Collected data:
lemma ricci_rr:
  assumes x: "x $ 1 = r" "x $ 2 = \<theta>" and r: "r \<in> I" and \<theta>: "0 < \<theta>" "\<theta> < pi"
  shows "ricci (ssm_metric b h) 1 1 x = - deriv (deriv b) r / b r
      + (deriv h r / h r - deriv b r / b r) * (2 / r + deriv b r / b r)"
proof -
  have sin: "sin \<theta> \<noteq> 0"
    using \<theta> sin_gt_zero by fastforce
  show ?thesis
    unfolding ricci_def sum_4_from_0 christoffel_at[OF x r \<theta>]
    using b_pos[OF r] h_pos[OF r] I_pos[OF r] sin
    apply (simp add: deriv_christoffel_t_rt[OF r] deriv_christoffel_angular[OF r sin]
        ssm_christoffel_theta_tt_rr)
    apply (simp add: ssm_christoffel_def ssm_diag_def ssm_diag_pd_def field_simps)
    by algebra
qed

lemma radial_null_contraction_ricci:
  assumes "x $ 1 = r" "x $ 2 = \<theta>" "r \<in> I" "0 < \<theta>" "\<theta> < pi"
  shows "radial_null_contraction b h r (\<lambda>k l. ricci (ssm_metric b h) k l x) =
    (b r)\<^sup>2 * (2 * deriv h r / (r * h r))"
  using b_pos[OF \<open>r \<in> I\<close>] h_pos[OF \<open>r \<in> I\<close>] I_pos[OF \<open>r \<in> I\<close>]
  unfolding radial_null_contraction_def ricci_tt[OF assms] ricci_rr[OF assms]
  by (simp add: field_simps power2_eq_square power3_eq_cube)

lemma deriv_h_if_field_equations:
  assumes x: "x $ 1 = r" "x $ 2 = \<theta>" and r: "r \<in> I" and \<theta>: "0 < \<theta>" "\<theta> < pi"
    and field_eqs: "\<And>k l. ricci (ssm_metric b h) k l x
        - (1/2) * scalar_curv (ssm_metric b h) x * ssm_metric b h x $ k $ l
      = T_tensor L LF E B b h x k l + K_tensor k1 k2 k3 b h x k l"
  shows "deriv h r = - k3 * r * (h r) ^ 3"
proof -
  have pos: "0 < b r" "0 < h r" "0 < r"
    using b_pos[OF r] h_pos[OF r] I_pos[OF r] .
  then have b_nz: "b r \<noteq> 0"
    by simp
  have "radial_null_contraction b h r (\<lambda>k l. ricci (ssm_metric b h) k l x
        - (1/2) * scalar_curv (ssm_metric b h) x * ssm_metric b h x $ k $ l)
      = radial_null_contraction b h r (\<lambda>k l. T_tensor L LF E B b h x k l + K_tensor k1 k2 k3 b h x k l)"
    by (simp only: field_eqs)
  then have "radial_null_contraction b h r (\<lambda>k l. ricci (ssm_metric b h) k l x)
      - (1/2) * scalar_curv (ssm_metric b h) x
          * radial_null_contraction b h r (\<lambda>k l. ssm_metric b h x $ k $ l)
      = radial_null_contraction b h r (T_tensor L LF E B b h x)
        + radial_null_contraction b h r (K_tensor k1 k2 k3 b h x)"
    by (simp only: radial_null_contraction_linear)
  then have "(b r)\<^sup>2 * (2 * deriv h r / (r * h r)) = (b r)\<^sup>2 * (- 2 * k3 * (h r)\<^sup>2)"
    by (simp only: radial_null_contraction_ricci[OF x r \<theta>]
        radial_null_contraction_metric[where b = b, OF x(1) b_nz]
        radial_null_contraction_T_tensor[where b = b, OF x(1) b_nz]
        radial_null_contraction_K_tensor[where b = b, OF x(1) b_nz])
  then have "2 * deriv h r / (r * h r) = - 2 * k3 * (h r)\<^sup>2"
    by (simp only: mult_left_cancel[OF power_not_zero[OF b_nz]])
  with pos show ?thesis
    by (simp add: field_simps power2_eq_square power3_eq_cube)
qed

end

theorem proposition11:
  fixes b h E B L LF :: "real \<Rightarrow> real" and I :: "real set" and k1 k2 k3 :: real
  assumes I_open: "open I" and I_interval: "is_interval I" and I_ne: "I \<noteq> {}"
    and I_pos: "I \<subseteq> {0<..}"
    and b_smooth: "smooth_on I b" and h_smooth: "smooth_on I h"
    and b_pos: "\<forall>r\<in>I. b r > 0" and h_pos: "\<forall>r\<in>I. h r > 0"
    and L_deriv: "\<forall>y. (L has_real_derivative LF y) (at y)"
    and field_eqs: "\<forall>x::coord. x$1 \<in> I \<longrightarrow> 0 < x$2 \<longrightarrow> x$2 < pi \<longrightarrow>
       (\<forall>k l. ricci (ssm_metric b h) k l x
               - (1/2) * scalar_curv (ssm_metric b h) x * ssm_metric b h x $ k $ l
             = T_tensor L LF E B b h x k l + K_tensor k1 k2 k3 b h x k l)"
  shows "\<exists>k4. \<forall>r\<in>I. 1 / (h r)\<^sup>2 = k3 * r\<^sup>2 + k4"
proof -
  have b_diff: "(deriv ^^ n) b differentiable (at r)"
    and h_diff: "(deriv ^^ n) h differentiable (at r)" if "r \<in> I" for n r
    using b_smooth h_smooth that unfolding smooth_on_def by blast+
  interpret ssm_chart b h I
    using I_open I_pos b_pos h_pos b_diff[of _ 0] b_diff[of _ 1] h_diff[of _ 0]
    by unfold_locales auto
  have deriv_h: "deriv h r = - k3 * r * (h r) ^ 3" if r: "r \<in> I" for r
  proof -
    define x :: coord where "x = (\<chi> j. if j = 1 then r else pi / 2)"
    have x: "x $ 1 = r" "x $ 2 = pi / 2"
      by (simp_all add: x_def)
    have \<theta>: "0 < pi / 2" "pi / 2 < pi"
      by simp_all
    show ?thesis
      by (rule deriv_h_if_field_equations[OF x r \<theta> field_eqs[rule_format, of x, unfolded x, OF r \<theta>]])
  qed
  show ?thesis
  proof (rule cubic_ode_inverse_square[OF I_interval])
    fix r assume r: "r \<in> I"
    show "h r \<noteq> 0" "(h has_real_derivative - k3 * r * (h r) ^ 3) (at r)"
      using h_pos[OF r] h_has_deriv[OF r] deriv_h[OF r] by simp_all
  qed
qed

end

» **WORK REQUEST**: Transcribe the data. Leave every line exactly as it is.

» **OUTPUT FOR THIS EXERCISE**:
lemma ricci_rr:
  assumes x: "x $ 1 = r" "x $ 2 = \<theta>" and r: "r \<in> I" and \<theta>: "0 < \<theta>" "\<theta> < pi"
  shows "ricci (ssm_metric b h) 1 1 x = - deriv (deriv b) r / b r
      + (deriv h r / h r - deriv b r / b r) * (2 / r + deriv b r / b r)"
proof -
  have sin: "sin \<theta> \<noteq> 0"
    using \<theta> sin_gt_zero by fastforce
  show ?thesis
    unfolding ricci_def sum_4_from_0 christoffel_at[OF x r \<theta>]
    using b_pos[OF r] h_pos[OF r] I_pos[OF r] sin
    apply (simp add: deriv_christoffel_t_rt[OF r] deriv_christoffel_angular[OF r sin]
        ssm_christoffel_theta_tt_rr)
    apply (simp add: ssm_christoffel_def ssm_diag_def ssm_diag_pd_def field_simps)
    by algebra
qed

lemma radial_null_contraction_ricci:
  assumes "x $ 1 = r" "x $ 2 = \<theta>" "r \<in> I" "0 < \<theta>" "\<theta> < pi"
  shows "radial_null_contraction b h r (\<lambda>k l. ricci (ssm_metric b h) k l x) =
    (b r)\<^sup>2 * (2 * deriv h r / (r * h r))"
  using b_pos[OF \<open>r \<in> I\<close>] h_pos[OF \<open>r \<in> I\<close>] I_pos[OF \<open>r \<in> I\<close>]
  unfolding radial_null_contraction_def ricci_tt[OF assms] ricci_rr[OF assms]
  by (simp add: field_simps power2_eq_square power3_eq_cube)

lemma deriv_h_if_field_equations:
  assumes x: "x $ 1 = r" "x $ 2 = \<theta>" and r: "r \<in> I" and \<theta>: "0 < \<theta>" "\<theta> < pi"
    and field_eqs: "\<And>k l. ricci (ssm_metric b h) k l x
        - (1/2) * scalar_curv (ssm_metric b h) x * ssm_metric b h x $ k $ l
      = T_tensor L LF E B b h x k l + K_tensor k1 k2 k3 b h x k l"
  shows "deriv h r = - k3 * r * (h r) ^ 3"
proof -
  have pos: "0 < b r" "0 < h r" "0 < r"
    using b_pos[OF r] h_pos[OF r] I_pos[OF r] .
  then have b_nz: "b r \<noteq> 0"
    by simp
  have "radial_null_contraction b h r (\<lambda>k l. ricci (ssm_metric b h) k l x
        - (1/2) * scalar_curv (ssm_metric b h) x * ssm_metric b h x $ k $ l)
      = radial_null_contraction b h r (\<lambda>k l. T_tensor L LF E B b h x k l + K_tensor k1 k2 k3 b h x k l)"
    by (simp only: field_eqs)
  then have "radial_null_contraction b h r (\<lambda>k l. ricci (ssm_metric b h) k l x)
      - (1/2) * scalar_curv (ssm_metric b h) x
          * radial_null_contraction b h r (\<lambda>k l. ssm_metric b h x $ k $ l)
      = radial_null_contraction b h r (T_tensor L LF E B b h x)
        + radial_null_contraction b h r (K_tensor k1 k2 k3 b h x)"
    by (simp only: radial_null_contraction_linear)
  then have "(b r)\<^sup>2 * (2 * deriv h r / (r * h r)) = (b r)\<^sup>2 * (- 2 * k3 * (h r)\<^sup>2)"
    by (simp only: radial_null_contraction_ricci[OF x r \<theta>]
        radial_null_contraction_metric[where b = b, OF x(1) b_nz]
        radial_null_contraction_T_tensor[where b = b, OF x(1) b_nz]
        radial_null_contraction_K_tensor[where b = b, OF x(1) b_nz])
  then have "2 * deriv h r / (r * h r) = - 2 * k3 * (h r)\<^sup>2"
    by (simp only: mult_left_cancel[OF power_not_zero[OF b_nz]])
  with pos show ?thesis
    by (simp add: field_simps power2_eq_square power3_eq_cube)
qed

end

theorem proposition11:
  fixes b h E B L LF :: "real \<Rightarrow> real" and I :: "real set" and k1 k2 k3 :: real
  assumes I_open: "open I" and I_interval: "is_interval I" and I_ne: "I \<noteq> {}"
    and I_pos: "I \<subseteq> {0<..}"
    and b_smooth: "smooth_on I b" and h_smooth: "smooth_on I h"
    and b_pos: "\<forall>r\<in>I. b r > 0" and h_pos: "\<forall>r\<in>I. h r > 0"
    and L_deriv: "\<forall>y. (L has_real_derivative LF y) (at y)"
    and field_eqs: "\<forall>x::coord. x$1 \<in> I \<longrightarrow> 0 < x$2 \<longrightarrow> x$2 < pi \<longrightarrow>
       (\<forall>k l. ricci (ssm_metric b h) k l x
               - (1/2) * scalar_curv (ssm_metric b h) x * ssm_metric b h x $ k $ l
             = T_tensor L LF E B b h x k l + K_tensor k1 k2 k3 b h x k l)"
  shows "\<exists>k4. \<forall>r\<in>I. 1 / (h r)\<^sup>2 = k3 * r\<^sup>2 + k4"
proof -
  have b_diff: "(deriv ^^ n) b differentiable (at r)"
    and h_diff: "(deriv ^^ n) h differentiable (at r)" if "r \<in> I" for n r
    using b_smooth h_smooth that unfolding smooth_on_def by blast+
  interpret ssm_chart b h I
    using I_open I_pos b_pos h_pos b_diff[of _ 0] b_diff[of _ 1] h_diff[of _ 0]
    by unfold_locales auto
  have deriv_h: "deriv h r = - k3 * r * (h r) ^ 3" if r: "r \<in> I" for r
  proof -
    define x :: coord where "x = (\<chi> j. if j = 1 then r else pi / 2)"
    have x: "x $ 1 = r" "x $ 2 = pi / 2"
      by (simp_all add: x_def)
    have \<theta>: "0 < pi / 2" "pi / 2 < pi"
      by simp_all
    show ?thesis
      by (rule deriv_h_if_field_equations[OF x r \<theta> field_eqs[rule_format, of x, unfolded x, OF r \<theta>]])
  qed
  show ?thesis
  proof (rule cubic_ode_inverse_square[OF I_interval])
    fix r assume r: "r \<in> I"
    show "h r \<noteq> 0" "(h has_real_derivative - k3 * r * (h r) ^ 3) (at r)"
      using h_pos[OF r] h_has_deriv[OF r] deriv_h[OF r] by simp_all
  qed
qed

end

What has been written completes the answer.